Gov. Ron DeSantis on Thursday followed up a confrontation with young people wearing face masks the previous day with more pandemic messaging behind a sign reading “prescribe freedom.”
Returning to Panama City, DeSantis attempted to sell the Free Speech of Health Care Practitioners Act, a “timely and important” legislative proposal still alive in the House and Senate but not poised as of yet for a floor vote in either body.
“It has not gotten across the finish line,” DeSantis said. “Let’s make sure we can do it.”
The Governor’s 11th-hour push for the bill may give it momentum, if only as a tack-on amendment to another bill during the dizzying final stretch of the 2022 Legislative Session.
DeSantis complained about a “very politicized medical establishment … informed by a particular type of political ideology, unfortunately.”
The Governor laid into Dr. Anthony Fauci and associated “lockdown” policies, as he has done before, lamenting “the coercive force of the state” being “imposed” in places outside of Florida.
He also expressed annoyance at the relaxation of COVID-19 masking protocols for the State of the Union address.
“All of a sudden the guidance has changed,” DeSantis said. “Is that how the science works? Does the science change based on polling data? Does the science change because you have a midterm election coming up?”
DeSantis warned “threats to freedom” remain despite Florida’s best efforts, again discussing Google and YouTube restricting COVID-19 commentary that deviates from the medical consensus.
“You have to have protection for the First Amendment rights of people that are practicing medicine,” DeSantis said, defending the right to “go against the narrative” on COVID-19 treatment and origins.
The Governor also criticized “Big Pharma,” which he said “has a hammerlock” over the medical profession with its privileged patents and logrolling in the legislative process. The “medical establishment is really in lockstep with those big drug companies,” he added.

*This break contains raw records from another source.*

(* Let $n\geq 2$ and $q=2^m\geq 4$. Let $B_n\in\mathrm{GL}_{n+1}(\mathbb{F}_q)$ be the matrix $E_{1,2}+E_{2,3}+\cdots+E_{n,n+1}+E_{n+1,1}$, where $E_{i,j}$ is the $(n+1)\times(n+1)$ matrix with $1$ in entry $(i,j)$ and $0$ elsewhere. Then the permutation of $\mathbb{P}^n(\mathbb{F}_q)$ induced by $B_n$ (acting on column vectors of homogeneous coordinates) is even. *)

theory Defs
  imports "HOL-Combinatorics.Permutations"
begin

text \<open>Vectors in F^(n+1) are functions nat => F supported on {0..n}
 (coordinate i here corresponds to coordinate i+1 in the paper).\<close>
definition vecs :: "nat \<Rightarrow> (nat \<Rightarrow> 'a::field) set" where
  "vecs n = {v. \<forall>i>n. v i = 0}"

definition proj_pt :: "(nat \<Rightarrow> 'a::field) \<Rightarrow> (nat \<Rightarrow> 'a) set" where
  "proj_pt v = {(\<lambda>i. c * v i) | c. c \<noteq> 0}"

definition proj_space :: "nat \<Rightarrow> ((nat \<Rightarrow> 'a::field) set) set" where
  "proj_space n = proj_pt ` (vecs n - {(\<lambda>_. 0)})"

text \<open>The matrix B_n = E_{1,2}+...+E_{n,n+1}+E_{n+1,1}, 0-indexed: entry (i,j) is 1 iff j = i+1 mod (n+1).\<close>
definition Bmat :: "nat \<Rightarrow> nat \<Rightarrow> nat \<Rightarrow> 'a::field" where
  "Bmat n i j = (if i \<le> n \<and> j \<le> n \<and> j = Suc i mod Suc n then 1 else 0)"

DeSantis had support in the form of Florida’s Surgeon General and the state’s Chief Financial Officer, who often makes Panhandle trips with the Governor, as well as medical professionals standing behind him with prefab signs reading “Free Speech Free State” and “Science Not Censorship.”
“It would be one thing if, when you were proven right, people would acknowledge it,” Surgeon General Joe Ladapo quipped. “Nope.”
Ladapo, who came to prominence as an opponent of stringent COVID-19 mitigation policies, said “truth” itself was at stake with this bill, with doctors who bucked the consensus kicked off of social media.
He held up a mask, expressing indignation that “some people think that these things save lives.” The Surgeon General said the CDC leaned on “shaky studies” to make their more stringent recommendations.
CFO Jimmy Patronis lamented “rogue blue state Governors’ policies,” saying they proved that “political science wins over real science” outside of Florida.
For DeSantis, who urged people to buck the CDC last week, and tweeted out video of his strong advice to minors to shed their facemasks on Wednesday just minutes before Thursday’s remarks, it is clear the commitment to pandemic messaging continues as the 2022 Legislative Session winds down and the campaign heats up.
The political science show cannot go on.